WORK TO BE COMPLETED: I need the number of lines in the following entries that hold the word "cAdd", and no other text.

Saved data entries:

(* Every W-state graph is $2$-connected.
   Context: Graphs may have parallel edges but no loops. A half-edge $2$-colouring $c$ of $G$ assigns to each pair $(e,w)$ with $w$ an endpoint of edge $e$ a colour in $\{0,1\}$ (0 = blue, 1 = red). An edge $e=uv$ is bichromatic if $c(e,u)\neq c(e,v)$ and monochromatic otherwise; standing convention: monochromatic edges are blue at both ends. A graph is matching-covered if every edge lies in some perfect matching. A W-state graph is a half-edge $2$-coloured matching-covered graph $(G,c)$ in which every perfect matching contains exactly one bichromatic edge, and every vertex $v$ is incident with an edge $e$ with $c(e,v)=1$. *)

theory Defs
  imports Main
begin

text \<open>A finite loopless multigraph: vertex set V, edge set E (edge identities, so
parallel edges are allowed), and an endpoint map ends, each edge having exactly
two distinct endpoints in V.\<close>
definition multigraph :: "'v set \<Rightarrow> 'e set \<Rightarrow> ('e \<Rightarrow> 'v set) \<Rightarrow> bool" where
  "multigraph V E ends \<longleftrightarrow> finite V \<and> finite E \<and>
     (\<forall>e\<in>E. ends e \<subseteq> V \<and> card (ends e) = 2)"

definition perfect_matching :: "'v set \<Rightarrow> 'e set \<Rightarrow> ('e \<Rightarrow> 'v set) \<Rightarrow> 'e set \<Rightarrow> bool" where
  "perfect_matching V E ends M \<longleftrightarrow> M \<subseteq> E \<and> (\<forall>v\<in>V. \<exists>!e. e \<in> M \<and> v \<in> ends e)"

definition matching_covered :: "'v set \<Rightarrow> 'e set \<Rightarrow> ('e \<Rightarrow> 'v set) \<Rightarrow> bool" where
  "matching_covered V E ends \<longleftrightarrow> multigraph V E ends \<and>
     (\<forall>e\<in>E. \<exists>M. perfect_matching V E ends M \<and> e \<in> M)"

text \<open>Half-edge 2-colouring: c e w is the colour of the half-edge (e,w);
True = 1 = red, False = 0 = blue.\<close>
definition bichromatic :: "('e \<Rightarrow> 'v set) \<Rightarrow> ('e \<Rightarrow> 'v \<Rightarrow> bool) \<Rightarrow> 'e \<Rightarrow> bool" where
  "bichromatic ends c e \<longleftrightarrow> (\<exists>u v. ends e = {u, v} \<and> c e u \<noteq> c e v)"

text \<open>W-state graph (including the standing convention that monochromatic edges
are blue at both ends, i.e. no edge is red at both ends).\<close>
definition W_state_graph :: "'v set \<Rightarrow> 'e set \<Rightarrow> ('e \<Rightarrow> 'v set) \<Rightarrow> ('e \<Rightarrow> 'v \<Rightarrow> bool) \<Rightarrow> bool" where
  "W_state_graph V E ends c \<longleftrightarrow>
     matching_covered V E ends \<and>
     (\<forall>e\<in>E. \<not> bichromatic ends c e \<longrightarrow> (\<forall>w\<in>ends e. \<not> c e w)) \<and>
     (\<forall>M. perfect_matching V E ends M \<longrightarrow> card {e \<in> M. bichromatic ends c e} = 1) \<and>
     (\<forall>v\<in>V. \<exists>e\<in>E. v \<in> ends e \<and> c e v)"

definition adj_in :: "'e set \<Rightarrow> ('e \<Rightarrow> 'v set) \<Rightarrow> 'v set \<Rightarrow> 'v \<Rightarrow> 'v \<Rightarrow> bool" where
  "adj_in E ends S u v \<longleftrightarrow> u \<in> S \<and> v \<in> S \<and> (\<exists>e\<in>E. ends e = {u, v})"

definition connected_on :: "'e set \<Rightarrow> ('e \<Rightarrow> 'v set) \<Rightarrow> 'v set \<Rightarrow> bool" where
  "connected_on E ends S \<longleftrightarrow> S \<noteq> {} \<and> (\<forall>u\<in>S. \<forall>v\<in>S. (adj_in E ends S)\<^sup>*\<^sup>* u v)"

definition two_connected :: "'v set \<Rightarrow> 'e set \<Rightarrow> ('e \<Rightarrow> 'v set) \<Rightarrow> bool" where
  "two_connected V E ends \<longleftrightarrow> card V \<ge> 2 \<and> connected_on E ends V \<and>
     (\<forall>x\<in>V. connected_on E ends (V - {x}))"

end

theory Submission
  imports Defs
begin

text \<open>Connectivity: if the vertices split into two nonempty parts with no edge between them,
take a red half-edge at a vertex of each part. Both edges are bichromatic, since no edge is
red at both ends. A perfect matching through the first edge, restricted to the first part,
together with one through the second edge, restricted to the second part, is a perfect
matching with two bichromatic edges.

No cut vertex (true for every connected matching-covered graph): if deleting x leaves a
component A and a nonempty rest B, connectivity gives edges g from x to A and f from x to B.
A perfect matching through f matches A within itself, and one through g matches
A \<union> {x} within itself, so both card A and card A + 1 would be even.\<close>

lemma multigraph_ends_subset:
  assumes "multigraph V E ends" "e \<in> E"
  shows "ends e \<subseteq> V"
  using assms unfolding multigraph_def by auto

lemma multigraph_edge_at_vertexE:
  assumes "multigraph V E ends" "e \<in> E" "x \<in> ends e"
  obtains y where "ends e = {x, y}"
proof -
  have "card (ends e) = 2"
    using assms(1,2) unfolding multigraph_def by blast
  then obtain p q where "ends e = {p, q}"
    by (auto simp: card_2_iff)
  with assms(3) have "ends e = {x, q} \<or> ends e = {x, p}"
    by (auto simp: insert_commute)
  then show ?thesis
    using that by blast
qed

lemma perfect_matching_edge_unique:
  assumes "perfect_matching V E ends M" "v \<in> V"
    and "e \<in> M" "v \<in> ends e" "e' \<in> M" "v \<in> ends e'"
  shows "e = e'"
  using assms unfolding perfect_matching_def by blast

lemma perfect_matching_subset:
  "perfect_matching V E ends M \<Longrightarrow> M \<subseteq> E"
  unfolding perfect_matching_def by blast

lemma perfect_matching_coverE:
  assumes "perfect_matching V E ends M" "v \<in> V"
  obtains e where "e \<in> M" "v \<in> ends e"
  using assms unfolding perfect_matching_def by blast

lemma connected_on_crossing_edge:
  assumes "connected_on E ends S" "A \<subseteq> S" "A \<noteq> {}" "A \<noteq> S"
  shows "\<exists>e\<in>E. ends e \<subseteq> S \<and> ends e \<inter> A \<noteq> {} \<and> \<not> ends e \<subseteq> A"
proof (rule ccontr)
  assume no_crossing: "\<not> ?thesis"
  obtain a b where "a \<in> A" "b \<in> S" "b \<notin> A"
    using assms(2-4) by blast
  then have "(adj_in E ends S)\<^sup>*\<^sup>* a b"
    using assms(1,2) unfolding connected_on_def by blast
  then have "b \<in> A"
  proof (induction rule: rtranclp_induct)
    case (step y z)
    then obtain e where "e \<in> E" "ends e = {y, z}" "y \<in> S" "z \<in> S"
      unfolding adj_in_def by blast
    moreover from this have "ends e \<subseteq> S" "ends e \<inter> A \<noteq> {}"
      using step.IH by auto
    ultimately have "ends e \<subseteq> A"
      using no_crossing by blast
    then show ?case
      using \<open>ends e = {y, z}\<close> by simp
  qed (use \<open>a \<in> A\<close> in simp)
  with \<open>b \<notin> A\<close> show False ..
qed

--

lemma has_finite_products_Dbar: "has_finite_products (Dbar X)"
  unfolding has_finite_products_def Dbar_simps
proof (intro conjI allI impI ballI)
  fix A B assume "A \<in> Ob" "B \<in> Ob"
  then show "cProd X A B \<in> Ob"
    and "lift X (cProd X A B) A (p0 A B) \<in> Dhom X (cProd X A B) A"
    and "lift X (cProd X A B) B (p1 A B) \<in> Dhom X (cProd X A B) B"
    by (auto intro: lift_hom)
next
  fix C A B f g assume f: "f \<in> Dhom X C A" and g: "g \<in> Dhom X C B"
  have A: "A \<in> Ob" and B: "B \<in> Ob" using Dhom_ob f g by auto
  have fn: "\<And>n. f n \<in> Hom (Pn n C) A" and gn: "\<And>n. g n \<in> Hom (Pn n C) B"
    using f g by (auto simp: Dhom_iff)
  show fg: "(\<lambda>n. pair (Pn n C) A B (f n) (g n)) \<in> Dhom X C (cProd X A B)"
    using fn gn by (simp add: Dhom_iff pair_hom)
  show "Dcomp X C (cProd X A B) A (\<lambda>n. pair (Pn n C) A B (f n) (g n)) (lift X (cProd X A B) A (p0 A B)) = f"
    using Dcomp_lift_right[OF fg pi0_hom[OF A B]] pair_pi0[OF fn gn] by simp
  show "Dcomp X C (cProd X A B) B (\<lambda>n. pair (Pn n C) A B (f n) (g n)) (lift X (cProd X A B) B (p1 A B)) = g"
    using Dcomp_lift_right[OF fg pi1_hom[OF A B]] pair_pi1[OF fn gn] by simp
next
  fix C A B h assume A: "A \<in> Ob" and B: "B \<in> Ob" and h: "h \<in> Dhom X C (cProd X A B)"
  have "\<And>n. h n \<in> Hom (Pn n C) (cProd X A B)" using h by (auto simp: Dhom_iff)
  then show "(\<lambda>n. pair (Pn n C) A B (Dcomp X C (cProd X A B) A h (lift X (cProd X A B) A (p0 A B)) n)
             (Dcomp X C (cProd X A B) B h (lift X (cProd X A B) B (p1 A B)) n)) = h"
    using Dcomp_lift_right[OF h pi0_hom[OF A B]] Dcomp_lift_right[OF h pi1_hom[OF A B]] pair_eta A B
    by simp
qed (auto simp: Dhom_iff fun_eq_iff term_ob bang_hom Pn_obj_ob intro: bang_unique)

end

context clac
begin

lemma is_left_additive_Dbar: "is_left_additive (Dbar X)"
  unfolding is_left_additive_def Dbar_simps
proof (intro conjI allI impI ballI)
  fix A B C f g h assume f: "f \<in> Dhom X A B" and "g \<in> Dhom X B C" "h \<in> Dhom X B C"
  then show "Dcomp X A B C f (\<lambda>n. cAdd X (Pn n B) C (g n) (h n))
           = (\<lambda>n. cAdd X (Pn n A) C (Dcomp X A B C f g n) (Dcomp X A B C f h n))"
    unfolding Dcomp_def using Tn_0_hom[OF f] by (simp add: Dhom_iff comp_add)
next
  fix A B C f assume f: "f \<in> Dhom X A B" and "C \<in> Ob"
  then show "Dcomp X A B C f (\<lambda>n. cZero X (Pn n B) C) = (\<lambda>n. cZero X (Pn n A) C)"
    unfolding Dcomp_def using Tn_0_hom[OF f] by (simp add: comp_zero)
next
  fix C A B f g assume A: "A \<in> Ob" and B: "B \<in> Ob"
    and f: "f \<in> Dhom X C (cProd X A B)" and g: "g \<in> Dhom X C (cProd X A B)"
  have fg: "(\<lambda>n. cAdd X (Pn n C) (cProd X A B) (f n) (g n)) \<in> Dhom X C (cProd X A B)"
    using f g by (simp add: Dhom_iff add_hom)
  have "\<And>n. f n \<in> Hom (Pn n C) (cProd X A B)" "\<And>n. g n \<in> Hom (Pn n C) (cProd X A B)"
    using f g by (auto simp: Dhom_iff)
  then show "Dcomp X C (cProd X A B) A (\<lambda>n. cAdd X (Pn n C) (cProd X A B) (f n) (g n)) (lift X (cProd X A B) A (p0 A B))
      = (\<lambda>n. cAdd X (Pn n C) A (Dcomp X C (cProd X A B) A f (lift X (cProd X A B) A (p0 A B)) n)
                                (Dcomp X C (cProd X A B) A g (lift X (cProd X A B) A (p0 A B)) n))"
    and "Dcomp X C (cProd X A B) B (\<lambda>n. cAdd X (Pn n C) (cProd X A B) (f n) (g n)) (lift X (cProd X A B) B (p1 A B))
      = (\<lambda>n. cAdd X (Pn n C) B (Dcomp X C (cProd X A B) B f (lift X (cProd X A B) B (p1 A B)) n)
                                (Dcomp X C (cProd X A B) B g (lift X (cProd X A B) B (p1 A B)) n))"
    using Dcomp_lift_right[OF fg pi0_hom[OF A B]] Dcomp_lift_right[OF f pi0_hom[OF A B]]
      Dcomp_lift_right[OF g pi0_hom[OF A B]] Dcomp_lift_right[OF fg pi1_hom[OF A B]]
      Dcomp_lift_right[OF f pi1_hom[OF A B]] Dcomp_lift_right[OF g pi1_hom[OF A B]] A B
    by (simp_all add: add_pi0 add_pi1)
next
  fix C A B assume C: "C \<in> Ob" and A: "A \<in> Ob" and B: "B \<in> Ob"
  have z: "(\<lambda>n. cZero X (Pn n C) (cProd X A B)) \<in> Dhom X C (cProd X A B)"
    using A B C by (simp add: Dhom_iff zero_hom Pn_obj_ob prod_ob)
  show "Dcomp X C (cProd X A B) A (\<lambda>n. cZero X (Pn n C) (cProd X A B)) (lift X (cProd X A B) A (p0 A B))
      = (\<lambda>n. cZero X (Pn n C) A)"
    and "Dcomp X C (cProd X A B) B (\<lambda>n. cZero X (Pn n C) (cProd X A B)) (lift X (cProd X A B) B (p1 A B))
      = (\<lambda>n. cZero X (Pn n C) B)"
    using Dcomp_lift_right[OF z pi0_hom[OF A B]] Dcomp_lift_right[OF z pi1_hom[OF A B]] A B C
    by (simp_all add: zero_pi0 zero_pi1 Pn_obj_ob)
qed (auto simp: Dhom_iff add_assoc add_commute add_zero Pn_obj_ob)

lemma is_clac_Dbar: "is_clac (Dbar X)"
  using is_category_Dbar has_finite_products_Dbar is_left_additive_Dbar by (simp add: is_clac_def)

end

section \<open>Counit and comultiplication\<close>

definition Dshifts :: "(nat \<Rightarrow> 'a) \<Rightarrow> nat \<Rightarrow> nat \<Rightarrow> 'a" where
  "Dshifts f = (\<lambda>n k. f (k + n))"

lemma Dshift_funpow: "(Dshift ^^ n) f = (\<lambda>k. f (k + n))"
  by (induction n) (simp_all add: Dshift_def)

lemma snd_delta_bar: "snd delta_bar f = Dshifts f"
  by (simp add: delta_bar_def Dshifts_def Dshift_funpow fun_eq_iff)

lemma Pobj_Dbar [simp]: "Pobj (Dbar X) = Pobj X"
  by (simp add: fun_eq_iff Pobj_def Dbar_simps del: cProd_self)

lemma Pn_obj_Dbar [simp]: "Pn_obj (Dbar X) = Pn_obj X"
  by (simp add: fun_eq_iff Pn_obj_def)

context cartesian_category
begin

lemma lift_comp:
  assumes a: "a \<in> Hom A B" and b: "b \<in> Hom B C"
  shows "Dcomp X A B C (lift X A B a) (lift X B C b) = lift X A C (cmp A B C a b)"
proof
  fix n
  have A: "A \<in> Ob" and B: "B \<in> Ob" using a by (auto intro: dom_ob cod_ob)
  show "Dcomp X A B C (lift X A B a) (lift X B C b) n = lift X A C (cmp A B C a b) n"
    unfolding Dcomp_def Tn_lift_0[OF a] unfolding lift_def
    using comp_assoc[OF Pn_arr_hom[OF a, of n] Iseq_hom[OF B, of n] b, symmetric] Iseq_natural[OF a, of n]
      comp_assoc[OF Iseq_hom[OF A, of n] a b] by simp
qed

WRITTEN RESPONSE: 7